-- SOURCE INFORMATION --
(* The matrix $$U_5=\tfrac12 S_0\otimes\left(I_2\otimes I_2+\sigma_1\otimes\sigma_1+\sigma_2\otimes\sigma_2+\sigma_3\otimes\sigma_3\right)+S_3\otimes I_2\otimes\sigma_1$$ on $\mathbb{C}^2\otimes\mathbb{C}^2\otimes\mathbb{C}^2$ is unitary and $\mathrm{sr}(U_5)=5$.
   Context: $S_0=\begin{bmatrix}1&0\\0&0\end{bmatrix}$, $S_1=\begin{bmatrix}0&1\\0&0\end{bmatrix}$, $S_2=\begin{bmatrix}0&0\\1&0\end{bmatrix}$, $S_3=\begin{bmatrix}0&0\\0&1\end{bmatrix}$. $I_2$ is the $2\times2$ identity and $\sigma_1=\begin{bmatrix}0&1\\1&0\end{bmatrix}$, $\sigma_2=\begin{bmatrix}0&-i\\i&0\end{bmatrix}$, $\sigma_3=\begin{bmatrix}1&0\\0&-1\end{bmatrix}$ are the Pauli matrices. For a matrix $U$ on $\mathbb{C}^2\otimes\mathbb{C}^2\otimes\mathbb{C}^2$ (systems $A,B,C$), its Schmidt rank $\mathrm{sr}(U)$ is the least integer $r$ such that $U=\sum_{j=1}^r A_j\otimes B_j\otimes C_j$ with $A_j,B_j,C_j$ complex $2\times 2$ matrices (i.e. the tensor rank of $U$). *)

theory Defs
  imports "HOL-Analysis.Analysis"
begin

type_synonym cmat2 = "complex ^ 2 ^ 2"
type_synonym cmat8 = "complex ^ (2 \<times> 2 \<times> 2) ^ (2 \<times> 2 \<times> 2)"

definition mat2 :: "complex \<Rightarrow> complex \<Rightarrow> complex \<Rightarrow> complex \<Rightarrow> cmat2" where
  "mat2 a b c d = (\<chi> i j. if i = 0 then (if j = 0 then a else b) else (if j = 0 then c else d))"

-- WHAT THE TASK REQUIRES --
A faithful copy of the lines from the line containing "complex \<Rightarrow> complex \<Rightarrow> complex" to the end of the data should be set down, both ends included, and nothing more.

-- ANSWER TO THIS PROBLEM --
definition mat2 :: "complex \<Rightarrow> complex \<Rightarrow> complex \<Rightarrow> complex \<Rightarrow> cmat2" where
  "mat2 a b c d = (\<chi> i j. if i = 0 then (if j = 0 then a else b) else (if j = 0 then c else d))"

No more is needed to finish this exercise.